#### [Exercise description]
From the listing below, return each line that includes "kapply".

________________

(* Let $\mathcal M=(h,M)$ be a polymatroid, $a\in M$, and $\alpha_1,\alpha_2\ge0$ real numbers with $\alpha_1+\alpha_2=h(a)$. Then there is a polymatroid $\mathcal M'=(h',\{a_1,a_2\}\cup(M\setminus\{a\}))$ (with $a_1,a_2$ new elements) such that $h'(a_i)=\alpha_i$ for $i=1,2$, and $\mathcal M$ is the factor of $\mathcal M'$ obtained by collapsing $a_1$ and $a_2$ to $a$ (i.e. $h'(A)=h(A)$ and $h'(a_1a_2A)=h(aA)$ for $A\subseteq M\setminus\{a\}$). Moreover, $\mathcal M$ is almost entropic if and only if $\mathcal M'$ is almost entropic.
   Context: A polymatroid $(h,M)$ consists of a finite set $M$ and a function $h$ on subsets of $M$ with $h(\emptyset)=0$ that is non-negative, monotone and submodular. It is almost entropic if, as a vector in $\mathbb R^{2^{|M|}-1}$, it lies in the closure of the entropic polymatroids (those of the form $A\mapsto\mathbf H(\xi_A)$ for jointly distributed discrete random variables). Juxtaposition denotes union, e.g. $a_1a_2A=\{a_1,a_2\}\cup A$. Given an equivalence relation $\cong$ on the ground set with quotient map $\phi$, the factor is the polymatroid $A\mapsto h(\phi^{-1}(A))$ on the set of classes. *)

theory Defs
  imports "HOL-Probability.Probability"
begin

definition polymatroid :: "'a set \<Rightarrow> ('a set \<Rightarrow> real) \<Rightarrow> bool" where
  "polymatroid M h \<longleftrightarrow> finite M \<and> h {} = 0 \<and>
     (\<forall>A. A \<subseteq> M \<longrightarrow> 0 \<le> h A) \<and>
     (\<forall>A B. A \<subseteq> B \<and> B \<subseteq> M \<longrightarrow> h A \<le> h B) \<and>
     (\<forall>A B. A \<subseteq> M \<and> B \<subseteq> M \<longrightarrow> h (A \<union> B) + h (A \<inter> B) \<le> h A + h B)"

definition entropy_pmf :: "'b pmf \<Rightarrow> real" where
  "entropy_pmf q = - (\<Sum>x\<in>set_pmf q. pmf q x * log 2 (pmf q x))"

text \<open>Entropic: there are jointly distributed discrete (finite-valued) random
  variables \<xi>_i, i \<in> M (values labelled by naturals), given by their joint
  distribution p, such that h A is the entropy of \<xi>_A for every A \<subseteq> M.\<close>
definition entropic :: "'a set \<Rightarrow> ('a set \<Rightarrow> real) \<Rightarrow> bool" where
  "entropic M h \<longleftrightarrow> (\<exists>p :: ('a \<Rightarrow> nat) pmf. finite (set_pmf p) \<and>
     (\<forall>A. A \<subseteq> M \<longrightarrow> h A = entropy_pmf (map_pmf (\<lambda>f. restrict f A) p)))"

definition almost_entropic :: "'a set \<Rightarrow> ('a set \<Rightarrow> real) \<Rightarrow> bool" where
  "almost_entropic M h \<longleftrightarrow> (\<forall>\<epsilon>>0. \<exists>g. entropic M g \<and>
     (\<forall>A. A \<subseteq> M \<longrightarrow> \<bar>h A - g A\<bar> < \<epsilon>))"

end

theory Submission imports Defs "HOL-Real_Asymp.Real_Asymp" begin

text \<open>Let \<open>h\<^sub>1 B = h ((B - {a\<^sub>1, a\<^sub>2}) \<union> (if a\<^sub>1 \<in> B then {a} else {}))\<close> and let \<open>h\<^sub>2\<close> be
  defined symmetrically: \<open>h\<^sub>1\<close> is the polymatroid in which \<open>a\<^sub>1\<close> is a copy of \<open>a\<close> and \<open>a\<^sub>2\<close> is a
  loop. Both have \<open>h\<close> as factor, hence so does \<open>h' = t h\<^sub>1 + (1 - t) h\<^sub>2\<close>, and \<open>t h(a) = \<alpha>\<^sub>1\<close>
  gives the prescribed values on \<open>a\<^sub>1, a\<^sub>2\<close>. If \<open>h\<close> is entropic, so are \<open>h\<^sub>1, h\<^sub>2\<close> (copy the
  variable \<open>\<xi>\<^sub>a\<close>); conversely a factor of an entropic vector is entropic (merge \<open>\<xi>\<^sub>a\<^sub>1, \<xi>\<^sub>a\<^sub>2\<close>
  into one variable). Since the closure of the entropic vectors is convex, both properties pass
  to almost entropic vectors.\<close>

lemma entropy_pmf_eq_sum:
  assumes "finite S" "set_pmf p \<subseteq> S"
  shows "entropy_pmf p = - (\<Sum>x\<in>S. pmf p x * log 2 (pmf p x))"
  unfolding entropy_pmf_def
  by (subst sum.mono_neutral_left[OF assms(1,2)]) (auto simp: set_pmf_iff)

________________

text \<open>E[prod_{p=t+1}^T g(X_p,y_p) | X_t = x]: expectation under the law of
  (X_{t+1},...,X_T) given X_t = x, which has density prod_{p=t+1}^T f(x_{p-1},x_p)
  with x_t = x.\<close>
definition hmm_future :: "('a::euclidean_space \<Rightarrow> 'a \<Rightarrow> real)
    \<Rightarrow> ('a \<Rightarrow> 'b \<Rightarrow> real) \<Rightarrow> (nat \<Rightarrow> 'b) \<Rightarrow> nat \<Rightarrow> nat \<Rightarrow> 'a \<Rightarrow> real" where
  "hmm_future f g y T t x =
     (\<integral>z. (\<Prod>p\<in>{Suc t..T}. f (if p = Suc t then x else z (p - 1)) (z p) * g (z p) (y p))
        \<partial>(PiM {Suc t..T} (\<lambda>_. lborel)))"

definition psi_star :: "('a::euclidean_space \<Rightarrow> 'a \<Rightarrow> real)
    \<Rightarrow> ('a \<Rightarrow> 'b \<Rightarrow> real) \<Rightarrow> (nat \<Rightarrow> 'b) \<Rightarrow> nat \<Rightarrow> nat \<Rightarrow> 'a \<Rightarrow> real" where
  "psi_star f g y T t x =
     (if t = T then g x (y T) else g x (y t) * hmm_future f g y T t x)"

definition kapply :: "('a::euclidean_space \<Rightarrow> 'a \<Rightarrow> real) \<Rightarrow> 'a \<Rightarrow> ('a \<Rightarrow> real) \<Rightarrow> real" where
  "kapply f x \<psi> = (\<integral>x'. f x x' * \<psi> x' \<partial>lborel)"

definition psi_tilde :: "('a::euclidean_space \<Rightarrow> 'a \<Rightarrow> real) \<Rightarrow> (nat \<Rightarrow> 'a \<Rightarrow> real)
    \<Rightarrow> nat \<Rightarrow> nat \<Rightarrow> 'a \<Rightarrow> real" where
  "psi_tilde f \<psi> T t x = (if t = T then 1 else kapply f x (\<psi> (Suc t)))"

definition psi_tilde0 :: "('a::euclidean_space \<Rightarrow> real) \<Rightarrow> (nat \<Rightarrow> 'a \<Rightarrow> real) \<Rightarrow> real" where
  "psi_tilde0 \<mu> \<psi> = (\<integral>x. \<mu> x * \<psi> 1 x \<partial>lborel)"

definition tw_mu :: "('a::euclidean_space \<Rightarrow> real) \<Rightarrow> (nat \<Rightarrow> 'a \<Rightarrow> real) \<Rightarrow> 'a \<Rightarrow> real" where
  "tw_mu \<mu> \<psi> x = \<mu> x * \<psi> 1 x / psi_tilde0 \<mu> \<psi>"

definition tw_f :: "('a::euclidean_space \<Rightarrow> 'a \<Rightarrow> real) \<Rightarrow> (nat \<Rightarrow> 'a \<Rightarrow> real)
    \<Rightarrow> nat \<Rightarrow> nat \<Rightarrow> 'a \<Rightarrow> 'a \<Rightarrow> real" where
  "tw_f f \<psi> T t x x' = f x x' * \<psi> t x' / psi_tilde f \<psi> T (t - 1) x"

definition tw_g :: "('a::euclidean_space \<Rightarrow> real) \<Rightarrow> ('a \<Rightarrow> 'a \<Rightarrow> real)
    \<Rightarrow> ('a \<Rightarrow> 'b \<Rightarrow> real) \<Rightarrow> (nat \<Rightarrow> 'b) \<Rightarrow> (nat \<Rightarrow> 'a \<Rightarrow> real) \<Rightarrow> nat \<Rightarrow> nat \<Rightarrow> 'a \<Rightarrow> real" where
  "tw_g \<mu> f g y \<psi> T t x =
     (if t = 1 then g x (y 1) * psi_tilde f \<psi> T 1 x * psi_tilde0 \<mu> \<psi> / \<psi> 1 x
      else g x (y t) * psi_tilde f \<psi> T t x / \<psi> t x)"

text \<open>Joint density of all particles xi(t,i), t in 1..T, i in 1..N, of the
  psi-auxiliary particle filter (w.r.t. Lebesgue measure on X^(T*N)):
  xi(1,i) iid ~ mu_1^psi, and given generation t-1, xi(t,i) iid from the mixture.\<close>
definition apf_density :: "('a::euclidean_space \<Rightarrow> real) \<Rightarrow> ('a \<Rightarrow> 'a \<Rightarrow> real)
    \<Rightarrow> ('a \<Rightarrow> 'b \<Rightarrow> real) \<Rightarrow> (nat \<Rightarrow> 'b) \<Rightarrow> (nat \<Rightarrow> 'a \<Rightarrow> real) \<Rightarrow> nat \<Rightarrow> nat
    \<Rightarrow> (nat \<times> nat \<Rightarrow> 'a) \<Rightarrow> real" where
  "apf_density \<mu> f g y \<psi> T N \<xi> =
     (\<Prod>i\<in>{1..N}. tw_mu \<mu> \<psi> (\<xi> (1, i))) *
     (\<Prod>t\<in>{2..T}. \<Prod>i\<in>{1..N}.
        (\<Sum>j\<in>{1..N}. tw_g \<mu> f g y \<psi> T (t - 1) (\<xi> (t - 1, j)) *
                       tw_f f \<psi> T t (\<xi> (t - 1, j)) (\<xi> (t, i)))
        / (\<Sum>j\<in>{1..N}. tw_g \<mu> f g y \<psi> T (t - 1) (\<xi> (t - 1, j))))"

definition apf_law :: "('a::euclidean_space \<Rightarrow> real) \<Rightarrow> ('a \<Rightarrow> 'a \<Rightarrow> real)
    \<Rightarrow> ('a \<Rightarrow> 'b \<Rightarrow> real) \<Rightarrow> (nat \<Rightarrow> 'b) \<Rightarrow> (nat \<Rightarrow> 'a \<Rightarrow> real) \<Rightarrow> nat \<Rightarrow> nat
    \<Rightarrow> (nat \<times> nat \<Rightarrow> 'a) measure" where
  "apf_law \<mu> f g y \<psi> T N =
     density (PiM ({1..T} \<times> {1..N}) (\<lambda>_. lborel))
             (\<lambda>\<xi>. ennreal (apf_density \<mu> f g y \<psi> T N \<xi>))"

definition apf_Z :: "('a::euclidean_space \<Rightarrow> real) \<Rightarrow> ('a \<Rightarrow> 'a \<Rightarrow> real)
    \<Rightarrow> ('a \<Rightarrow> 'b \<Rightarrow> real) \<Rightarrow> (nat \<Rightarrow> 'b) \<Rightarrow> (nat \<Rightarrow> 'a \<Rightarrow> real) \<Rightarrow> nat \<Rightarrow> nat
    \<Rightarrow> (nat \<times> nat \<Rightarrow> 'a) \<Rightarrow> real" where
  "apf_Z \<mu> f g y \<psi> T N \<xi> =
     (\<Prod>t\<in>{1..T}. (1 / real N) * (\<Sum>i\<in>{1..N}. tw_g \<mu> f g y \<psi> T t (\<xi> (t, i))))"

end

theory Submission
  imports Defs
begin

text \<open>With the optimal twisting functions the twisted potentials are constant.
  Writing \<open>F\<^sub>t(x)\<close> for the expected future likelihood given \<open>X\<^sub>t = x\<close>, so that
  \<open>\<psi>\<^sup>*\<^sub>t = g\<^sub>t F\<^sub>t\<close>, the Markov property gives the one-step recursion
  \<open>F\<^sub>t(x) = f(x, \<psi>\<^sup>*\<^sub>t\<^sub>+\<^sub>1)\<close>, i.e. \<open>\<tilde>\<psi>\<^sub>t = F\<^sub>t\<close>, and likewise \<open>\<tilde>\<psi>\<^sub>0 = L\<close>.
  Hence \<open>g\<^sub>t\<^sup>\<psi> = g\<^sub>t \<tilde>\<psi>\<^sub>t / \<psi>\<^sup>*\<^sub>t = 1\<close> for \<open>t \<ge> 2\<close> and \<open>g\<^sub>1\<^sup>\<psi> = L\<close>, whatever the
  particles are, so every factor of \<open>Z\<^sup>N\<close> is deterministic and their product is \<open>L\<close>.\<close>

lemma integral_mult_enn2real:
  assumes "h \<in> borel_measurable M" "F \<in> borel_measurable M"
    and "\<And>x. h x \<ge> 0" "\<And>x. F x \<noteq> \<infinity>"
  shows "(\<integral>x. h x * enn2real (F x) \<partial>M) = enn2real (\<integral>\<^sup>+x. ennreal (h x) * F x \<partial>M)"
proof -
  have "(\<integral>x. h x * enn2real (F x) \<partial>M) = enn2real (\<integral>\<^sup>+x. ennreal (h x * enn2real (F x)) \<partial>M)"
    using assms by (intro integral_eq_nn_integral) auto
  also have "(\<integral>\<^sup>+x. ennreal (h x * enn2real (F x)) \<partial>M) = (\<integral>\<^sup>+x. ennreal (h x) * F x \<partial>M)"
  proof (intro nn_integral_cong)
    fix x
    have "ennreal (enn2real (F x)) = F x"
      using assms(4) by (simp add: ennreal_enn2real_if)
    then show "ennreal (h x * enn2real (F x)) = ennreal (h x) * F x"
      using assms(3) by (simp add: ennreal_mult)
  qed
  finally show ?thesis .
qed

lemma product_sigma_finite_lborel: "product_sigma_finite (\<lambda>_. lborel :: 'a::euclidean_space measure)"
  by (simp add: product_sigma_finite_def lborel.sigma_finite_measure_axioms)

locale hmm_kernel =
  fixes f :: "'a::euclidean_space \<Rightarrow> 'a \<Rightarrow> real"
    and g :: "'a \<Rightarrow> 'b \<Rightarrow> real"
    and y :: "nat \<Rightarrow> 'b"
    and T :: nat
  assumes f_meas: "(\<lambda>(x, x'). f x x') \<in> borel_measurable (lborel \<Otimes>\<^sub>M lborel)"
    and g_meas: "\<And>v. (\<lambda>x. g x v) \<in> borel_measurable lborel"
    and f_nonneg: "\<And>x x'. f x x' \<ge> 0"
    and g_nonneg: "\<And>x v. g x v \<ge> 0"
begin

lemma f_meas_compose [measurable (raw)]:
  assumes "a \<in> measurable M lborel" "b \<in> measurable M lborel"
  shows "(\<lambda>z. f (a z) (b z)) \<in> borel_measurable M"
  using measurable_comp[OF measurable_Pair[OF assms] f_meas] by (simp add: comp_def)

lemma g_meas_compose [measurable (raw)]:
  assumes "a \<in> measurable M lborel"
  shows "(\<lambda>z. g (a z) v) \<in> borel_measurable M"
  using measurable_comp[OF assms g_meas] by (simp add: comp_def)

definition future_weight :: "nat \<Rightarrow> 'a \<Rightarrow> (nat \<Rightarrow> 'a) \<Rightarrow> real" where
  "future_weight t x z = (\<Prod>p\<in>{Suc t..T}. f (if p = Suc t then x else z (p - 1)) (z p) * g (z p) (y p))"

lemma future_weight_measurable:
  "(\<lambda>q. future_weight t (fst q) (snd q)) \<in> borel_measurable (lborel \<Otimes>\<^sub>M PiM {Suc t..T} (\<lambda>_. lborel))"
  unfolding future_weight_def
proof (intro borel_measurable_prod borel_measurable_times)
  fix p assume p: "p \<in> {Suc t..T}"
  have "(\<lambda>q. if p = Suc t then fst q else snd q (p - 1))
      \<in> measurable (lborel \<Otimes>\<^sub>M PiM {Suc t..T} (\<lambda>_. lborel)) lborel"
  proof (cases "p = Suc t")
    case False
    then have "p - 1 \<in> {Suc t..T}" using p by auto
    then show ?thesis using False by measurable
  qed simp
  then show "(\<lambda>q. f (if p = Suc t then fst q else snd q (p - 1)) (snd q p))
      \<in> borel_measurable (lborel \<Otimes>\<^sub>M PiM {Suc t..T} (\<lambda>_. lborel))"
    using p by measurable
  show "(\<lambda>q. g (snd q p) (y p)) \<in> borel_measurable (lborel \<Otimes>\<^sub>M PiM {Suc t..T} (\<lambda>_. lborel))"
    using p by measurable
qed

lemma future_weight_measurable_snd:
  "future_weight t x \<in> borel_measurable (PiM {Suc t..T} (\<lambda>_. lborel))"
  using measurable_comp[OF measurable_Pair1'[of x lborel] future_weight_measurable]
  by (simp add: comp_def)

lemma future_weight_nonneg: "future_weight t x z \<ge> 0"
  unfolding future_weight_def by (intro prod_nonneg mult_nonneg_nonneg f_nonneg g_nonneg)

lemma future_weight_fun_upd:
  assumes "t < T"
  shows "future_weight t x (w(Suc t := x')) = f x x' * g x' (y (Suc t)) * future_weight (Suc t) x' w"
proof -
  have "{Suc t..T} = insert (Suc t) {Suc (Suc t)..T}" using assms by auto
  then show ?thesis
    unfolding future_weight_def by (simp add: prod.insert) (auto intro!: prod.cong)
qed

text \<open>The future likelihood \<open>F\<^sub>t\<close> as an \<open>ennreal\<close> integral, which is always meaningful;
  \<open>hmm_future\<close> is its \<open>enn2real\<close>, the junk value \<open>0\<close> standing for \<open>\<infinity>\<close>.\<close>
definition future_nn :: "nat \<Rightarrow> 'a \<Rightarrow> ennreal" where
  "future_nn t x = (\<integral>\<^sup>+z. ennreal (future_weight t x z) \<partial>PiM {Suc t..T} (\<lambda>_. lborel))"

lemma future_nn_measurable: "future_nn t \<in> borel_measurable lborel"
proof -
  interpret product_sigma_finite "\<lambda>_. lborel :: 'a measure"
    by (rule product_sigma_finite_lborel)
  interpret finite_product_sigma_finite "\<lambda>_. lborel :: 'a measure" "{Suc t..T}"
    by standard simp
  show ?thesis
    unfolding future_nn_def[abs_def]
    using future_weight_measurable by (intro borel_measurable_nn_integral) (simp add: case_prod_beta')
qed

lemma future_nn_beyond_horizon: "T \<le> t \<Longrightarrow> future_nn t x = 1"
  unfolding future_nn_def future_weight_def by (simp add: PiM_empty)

________________

#### [Answer for this exercise]
definition kapply :: "('a::euclidean_space \<Rightarrow> 'a \<Rightarrow> real) \<Rightarrow> 'a \<Rightarrow> ('a \<Rightarrow> real) \<Rightarrow> real" where
  "kapply f x \<psi> = (\<integral>x'. f x x' * \<psi> x' \<partial>lborel)"
  "psi_tilde f \<psi> T t x = (if t = T then 1 else kapply f x (\<psi> (Suc t)))"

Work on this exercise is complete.